◆ Exercise objective: Within the entries below, count the lines that hold the string "Hpos" and give only that number.

[Supplied records Boundary: Start]

lemma lyapunov_eigenpair:
  assumes H: "pos_def H" and lyap: "H ** A + transpose A ** H = B" and B: "pos_semidef B"
    and ep: "eigenpair A lam v"
  shows "0 \<le> Re lam" and "Re lam = 0 \<Longrightarrow> B *v re_vec v = 0 \<and> B *v im_vec v = 0"
proof -
  define vr vi where "vr = re_vec v" and "vi = im_vec v"
  have Hsym: "transpose H = H" and Hpos: "\<And>u. u \<noteq> 0 \<Longrightarrow> 0 < u \<bullet> (H *v u)"
    using H by (simp_all add: pos_def_def symmetric_mat_def)
  have Bge: "\<And>u. 0 \<le> u \<bullet> (B *v u)"
    using B by (simp add: pos_semidef_def)
  have form: "u \<bullet> (B *v u) = 2 * (u \<bullet> (H *v (A *v u)))" for u
  proof -
    have "u \<bullet> (B *v u) = u \<bullet> (H *v (A *v u)) + (transpose A *v (H *v u)) \<bullet> u"
      by (simp add: lyap[symmetric] matrix_vector_mult_add_rdistrib matrix_vector_mul_assoc
          inner_add_right inner_commute del: transpose_matrix_vector)
    also have "(transpose A *v (H *v u)) \<bullet> u = (H *v u) \<bullet> (A *v u)"
      by (rule inner_transpose_mult_vec)
    also have "\<dots> = (A *v u) \<bullet> (H *v u)"
      by (rule inner_commute)
    also have "\<dots> = u \<bullet> (H *v (A *v u))"
      by (rule symmetric_inner_mult_vec[OF Hsym])
    finally show ?thesis by simp
  qed
  have e: "A *v vr = Re lam *\<^sub>R vr - Im lam *\<^sub>R vi" "A *v vi = Im lam *\<^sub>R vr + Re lam *\<^sub>R vi"
    and nz: "vr \<noteq> 0 \<or> vi \<noteq> 0"
    using ep by (simp_all add: eigenpair_iff vr_def vi_def)
  \<comment> \<open>the rotation part cancels because H is symmetric\<close>
  have "vr \<bullet> (H *v (A *v vr)) + vi \<bullet> (H *v (A *v vi)) = Re lam * (vr \<bullet> (H *v vr) + vi \<bullet> (H *v vi))"
    using symmetric_inner_mult_vec[OF Hsym, of vr vi]
    by (simp add: e matrix_vector_mult_diff_distrib matrix_vector_right_distrib
        matrix_vector_mult_scaleR inner_diff_right inner_add_right algebra_simps)
  then have energy: "vr \<bullet> (B *v vr) + vi \<bullet> (B *v vi) = 2 * Re lam * (vr \<bullet> (H *v vr) + vi \<bullet> (H *v vi))"
    using form[of vr] form[of vi] by simp
  have "vr \<bullet> (H *v vr) + vi \<bullet> (H *v vi) > 0"
    using nz Hpos[of vr] Hpos[of vi] by (cases "vr = 0"; cases "vi = 0") auto
  moreover have "0 \<le> 2 * Re lam * (vr \<bullet> (H *v vr) + vi \<bullet> (H *v vi))"
    using energy Bge[of vr] Bge[of vi] by linarith
  ultimately show "0 \<le> Re lam"
    by (simp add: zero_le_mult_iff)
  assume "Re lam = 0"
  with energy have "vr \<bullet> (B *v vr) + vi \<bullet> (B *v vi) = 0"
    by simp
  with Bge[of vr] Bge[of vi] have "vr \<bullet> (B *v vr) = 0" "vi \<bullet> (B *v vi) = 0"
    by linarith+
  then show "B *v re_vec v = 0 \<and> B *v im_vec v = 0"
    using pos_semidef_quadratic_zero_imp_kernel[OF B] by (simp add: vr_def vi_def)
qed

(* The hypotheses say that yr \<plusminus> i yi are left eigenvectors of A for the eigenvalues \<mp>i\<beta>. *)
lemma left_imaginary_eigvec_orthogonal:
  assumes left: "transpose A *v yr = \<beta> *\<^sub>R yi" "transpose A *v yi = - \<beta> *\<^sub>R yr"
    and ep: "eigenpair A lam v" and Re: "Re lam \<noteq> 0"
  shows "yr \<bullet> re_vec v = 0 \<and> yr \<bullet> im_vec v = 0 \<and> yi \<bullet> re_vec v = 0 \<and> yi \<bullet> im_vec v = 0"
proof -
  define a1 a2 a3 a4 where "a1 = yr \<bullet> re_vec v" and "a2 = yr \<bullet> im_vec v"
    and "a3 = yi \<bullet> re_vec v" and "a4 = yi \<bullet> im_vec v"
  have ev: "A *v re_vec v = Re lam *\<^sub>R re_vec v - Im lam *\<^sub>R im_vec v"
    "A *v im_vec v = Im lam *\<^sub>R re_vec v + Re lam *\<^sub>R im_vec v"
    using ep by (simp_all add: eigenpair_iff)
  have pair: "y \<bullet> (A *v w) = (transpose A *v y) \<bullet> w" for y w
    by (simp add: dot_lmul_matrix)
  have "\<beta> * a3 = Re lam * a1 - Im lam * a2" "\<beta> * a4 = Im lam * a1 + Re lam * a2"
    "- \<beta> * a1 = Re lam * a3 - Im lam * a4" "- \<beta> * a2 = Im lam * a3 + Re lam * a4"
    using pair[of yr "re_vec v"] pair[of yr "im_vec v"] pair[of yi "re_vec v"] pair[of yi "im_vec v"]
    by (simp_all add: a1_def a2_def a3_def a4_def ev left inner_diff_right inner_add_right del: transpose_matrix_vector)
  then have r: "Re lam * a1 = \<beta> * a3 + Im lam * a2" "Re lam * a2 = \<beta> * a4 - Im lam * a1"
    "Re lam * a3 = Im lam * a4 - \<beta> * a1" "Re lam * a4 = - \<beta> * a2 - Im lam * a3"
    by linarith+
  have "Re lam * (a1^2 + a2^2 + a3^2 + a4^2)
      = a1 * (Re lam * a1) + a2 * (Re lam * a2) + a3 * (Re lam * a3) + a4 * (Re lam * a4)"
    by (simp add: power2_eq_square algebra_simps)
  also have "\<dots> = 0"
    unfolding r by (simp add: algebra_simps)
  finally have "Re lam * (a1^2 + a2^2 + a3^2 + a4^2) = 0" .
  then have "a1^2 + a2^2 + a3^2 + a4^2 = 0"
    using Re by simp
  then show ?thesis
    by (simp add: a1_def a2_def a3_def a4_def add_nonneg_eq_0_iff)
qed

lemma is_norm_nonneg:
  assumes "is_norm N"
  shows "0 \<le> N A"
proof -
  have "N (A + (-1) *\<^sub>R A) \<le> N A + N ((-1) *\<^sub>R A)" and "N ((-1) *\<^sub>R A) = \<bar>-1\<bar> * N A"
    and "N 0 = 0"
    using assms unfolding is_norm_def by blast+
  then show ?thesis by simp
qed

lemma nullspace_consistent_perturb:
  fixes D E :: "real^'n^'n"
  assumes nsc: "nullspace_consistent D" and E: "E *v ones = 0"
  obtains \<delta> where "\<delta> > 0" and "\<And>t. \<bar>t\<bar> \<le> \<delta> \<Longrightarrow> nullspace_consistent (D + t *\<^sub>R E)"
proof -
  have ker: "D *v v = 0 \<longleftrightarrow> v \<in> span {ones}" for v
    using nsc unfolding nullspace_consistent_def by blast
  define f where "f v = (D *v v, ones \<bullet> v)" for v :: "real^'n"
  have "linear f"
    unfolding f_def by (rule linearI) (simp_all add: matrix_vector_right_distrib
        matrix_vector_mult_scaleR inner_add_right)
  moreover have "inj f"
  proof (rule linear_injective_0[THEN iffD2, OF \<open>linear f\<close>], intro allI impI)
    fix v assume "f v = 0"
    then have "v \<in> span {ones}" and "ones \<bullet> v = 0"
      using ker by (auto simp: f_def zero_prod_def)
    then show "v = 0"
      by (auto simp: span_singleton)
  qed
  ultimately obtain c where "c > 0" and c: "\<And>v. c * norm v \<le> norm (f v)"
    using linear_inj_bounded_below_pos by blast
  obtain M where "M > 0" and M: "\<And>v. norm (E *v v) \<le> M * norm v"
    using linear_bounded_pos[OF matrix_vector_mul_linear] by blast
  show thesis
  proof (rule that)
    show "c / (2 * M) > 0"
      using \<open>c > 0\<close> \<open>M > 0\<close> by simp
  next
    fix t :: real assume t: "\<bar>t\<bar> \<le> c / (2 * M)"
    have "(D + t *\<^sub>R E) *v ones = 0"
      using ker E by (simp add: matrix_vector_mult_add_rdistrib span_base flip: scaleR_matrix_vector_assoc)
    moreover have "v \<in> span {ones}" if "(D + t *\<^sub>R E) *v v = 0" for v
    proof -
      have "(ones::real^'n) \<bullet> ones = real CARD('n)"
        by (simp add: ones_def inner_vec_def)
      define w where "w = v - ((ones \<bullet> v) / real CARD('n)) *\<^sub>R ones"
      have "ones \<bullet> w = 0"
        using \<open>ones \<bullet> ones = real CARD('n)\<close> by (simp add: w_def inner_diff_right)
      have "(D + t *\<^sub>R E) *v w = 0"
        using that \<open>(D + t *\<^sub>R E) *v ones = 0\<close>
        by (simp add: w_def matrix_vector_mult_diff_distrib matrix_vector_mult_scaleR)
      then have "D *v w = - (t *\<^sub>R (E *v w))"
        by (simp add: matrix_vector_mult_add_rdistrib eq_neg_iff_add_eq_0 flip: scaleR_matrix_vector_assoc)
      \<comment> \<open>the perturbation is too small to compensate the lower bound of \<open>f\<close> on \<open>ones\<^sup>\<bottom>\<close>\<close>
      then have "c * norm w \<le> \<bar>t\<bar> * norm (E *v w)"
        using c[of w] \<open>ones \<bullet> w = 0\<close> by (simp add: f_def norm_Pair)
      also have "\<dots> \<le> \<bar>t\<bar> * (M * norm w)"
        by (intro mult_left_mono M) simp
      also have "\<dots> = (\<bar>t\<bar> * M) * norm w"
        by simp
      also have "\<dots> \<le> c / 2 * norm w"
        using t \<open>M > 0\<close> by (intro mult_right_mono) (simp_all add: field_simps)
      finally have "w = 0"
        using \<open>c > 0\<close> by (simp add: mult_le_cancel_right2)
      then show ?thesis
        by (simp add: w_def span_singleton eq_diff_eq)
    qed
    moreover have "(D + t *\<^sub>R E) *v v = 0" if "v \<in> span {ones}" for v
      using that \<open>(D + t *\<^sub>R E) *v ones = 0\<close> by (auto simp: span_singleton matrix_vector_mult_scaleR)
    ultimately show "nullspace_consistent (D + t *\<^sub>R E)"
      unfolding nullspace_consistent_def by blast
  qed
qed

definition re_nonzero_eigvec_parts :: "real^'n^'n \<Rightarrow> (real^'n) set" where
  "re_nonzero_eigvec_parts A =
     {re_vec v |v. \<exists>lam. Re lam \<noteq> 0 \<and> eigenpair A lam v} \<union>
     {im_vec v |v. \<exists>lam. Re lam \<noteq> 0 \<and> eigenpair A lam v}"

lemma eigenpair_add_vanishing_on_parts:
  assumes "eigenpair A lam v" "Re lam \<noteq> 0"
    and "\<And>u. u \<in> re_nonzero_eigvec_parts A \<Longrightarrow> E *v u = 0"
  shows "eigenpair (A + E) lam v"
proof -
  have "re_vec v \<in> re_nonzero_eigvec_parts A" "im_vec v \<in> re_nonzero_eigvec_parts A"
    using assms(1,2) unfolding re_nonzero_eigvec_parts_def by blast+
  then show ?thesis
    using assms eigenpair_add_vanishing by blast
qed

lemma lyapunov_form_add_perturbation:
  fixes H X A A' :: "real^'n^'n"
  assumes "pos_def H" "transpose X = X"
  shows "H ** (A + c *\<^sub>R (matrix_inv H ** X)) + transpose (A' + d *\<^sub>R (matrix_inv H ** X)) ** H
     = H ** A + transpose A' ** H + (c + d) *\<^sub>R X"
proof -
  have "transpose H = H"
    using assms(1) by (simp add: pos_def_def symmetric_mat_def)
  have right: "H ** (c *\<^sub>R (matrix_inv H ** X)) = c *\<^sub>R X"
    by (simp add: matrix_scalar_ac matrix_mul_assoc pos_def_matrix_inv[OF assms(1)]
        flip: scalar_matrix_assoc)
  have "transpose (matrix_inv H) ** H = transpose (H ** matrix_inv H)"
    by (simp add: matrix_transpose_mul \<open>transpose H = H\<close>)
  then have "transpose (matrix_inv H) ** H = mat 1"
    by (simp add: pos_def_matrix_inv[OF assms(1)])
  then have left: "transpose (d *\<^sub>R (matrix_inv H ** X)) ** H = d *\<^sub>R X"
    by (simp add: transpose_scalar matrix_transpose_mul assms(2)
        flip: scalar_matrix_assoc matrix_mul_assoc)
  show ?thesis
    by (simp add: matrix_add_ldistrib transpose_add matrix_add_rdistrib right left scaleR_add_left)
qed

lemma Dtilde_add: "Dtilde (D + E) H p0 = Dtilde D H p0 + E"
  by (simp add: Dtilde_def algebra_simps)

lemma Dtilde_mult_vec: "Dtilde D H p0 *v u = D *v u + (p0 \<bullet> u) *\<^sub>R (matrix_inv H *v p0)"
  by (simp add: Dtilde_def matrix_vector_mult_add_rdistrib outer_mult_vec matrix_vector_mult_scaleR
      flip: matrix_vector_mul_assoc)

lemma sbp_pair_Dtilde_lyapunov:
  assumes "sbp_pair a b q Dp Dm H S p0 pn x"
  shows "H ** Dtilde Dp H p0 + transpose (Dtilde Dp H p0) ** H = outer p0 p0 + outer pn pn + S"
proof -
  have H: "pos_def H" and C: "H ** Dp + transpose Dp ** H = - outer p0 p0 + outer pn pn + S"
    using assms by (simp_all add: sbp_pair_def)
  have D: "Dtilde Dp H p0 = Dp + 1 *\<^sub>R (matrix_inv H ** outer p0 p0)"
    by (simp add: Dtilde_def)
  have "H ** Dtilde Dp H p0 + transpose (Dtilde Dp H p0) ** H
      = H ** Dp + transpose Dp ** H + (1 + 1) *\<^sub>R outer p0 p0"
    unfolding D by (rule lyapunov_form_add_perturbation[OF H transpose_outer])
  also have "\<dots> = outer p0 p0 + outer pn pn + S"
    unfolding C by (simp add: scaleR_2)
  finally show ?thesis .
qed

lemma sbp_pair_perturb:
  assumes sbp: "sbp_pair a b q Dp Dm H S p0 pn x" and S': "pos_semidef S'"
    and exact: "\<forall>j\<le>q. S' *v xpow x j = 0"
  shows "sbp_pair a b q (Dp + (1/2) *\<^sub>R (matrix_inv H ** S')) (Dm - (1/2) *\<^sub>R (matrix_inv H ** S'))
           H (S + S') p0 pn x"
proof -
  define E where "E = matrix_inv H ** S'"
  have deriv: "\<forall>j\<le>q. Dp *v xpow x j = (if j = 0 then 0 else real j *\<^sub>R xpow x (j - 1))
           \<and> Dm *v xpow x j = (if j = 0 then 0 else real j *\<^sub>R xpow x (j - 1))
           \<and> p0 \<bullet> xpow x j = a ^ j \<and> pn \<bullet> xpow x j = b ^ j"
    and H: "pos_def H"
    and C: "H ** Dp + transpose Dp ** H = - outer p0 p0 + outer pn pn + S"
    and S: "pos_semidef S"
    and Dc: "H ** Dp + transpose Dm ** H = - outer p0 p0 + outer pn pn"
    and distinct: "\<forall>i k. i \<noteq> k \<longrightarrow> x $ i \<noteq> x $ k"
    using sbp unfolding sbp_pair_def by simp_all
  have sym: "transpose S' = S'"
    using S' by (simp add: pos_semidef_def symmetric_mat_def)
  have E_xpow: "(c *\<^sub>R E) *v xpow x j = 0" if "j \<le> q" for c j
    using exact that by (simp add: E_def scaleR_matrix_mult_vec)
  have "H ** (Dp + (1/2) *\<^sub>R E) + transpose (Dp + (1/2) *\<^sub>R E) ** H
      = H ** Dp + transpose Dp ** H + (1/2 + 1/2) *\<^sub>R S'"
    unfolding E_def by (rule lyapunov_form_add_perturbation[OF H sym])
  then have C': "H ** (Dp + (1/2) *\<^sub>R E) + transpose (Dp + (1/2) *\<^sub>R E) ** H
      = - outer p0 p0 + outer pn pn + (S + S')"
    by (simp add: C add.assoc)
  have "H ** (Dp + (1/2) *\<^sub>R E) + transpose (Dm + (-1/2) *\<^sub>R E) ** H
      = H ** Dp + transpose Dm ** H + (1/2 + -1/2) *\<^sub>R S'"
    unfolding E_def by (rule lyapunov_form_add_perturbation[OF H sym])
  then have Dc': "H ** (Dp + (1/2) *\<^sub>R E) + transpose (Dm - (1/2) *\<^sub>R E) ** H
      = - outer p0 p0 + outer pn pn"
    by (simp add: Dc)
  show ?thesis
    unfolding sbp_pair_def E_def[symmetric]
    using deriv E_xpow H C' pos_semidef_add[OF S S'] Dc' distinct
    by (simp add: matrix_vector_mult_add_rdistrib matrix_vector_mult_diff_rdistrib)
qed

[Supplied records Boundary: End]

◆ Output of the exercise: 2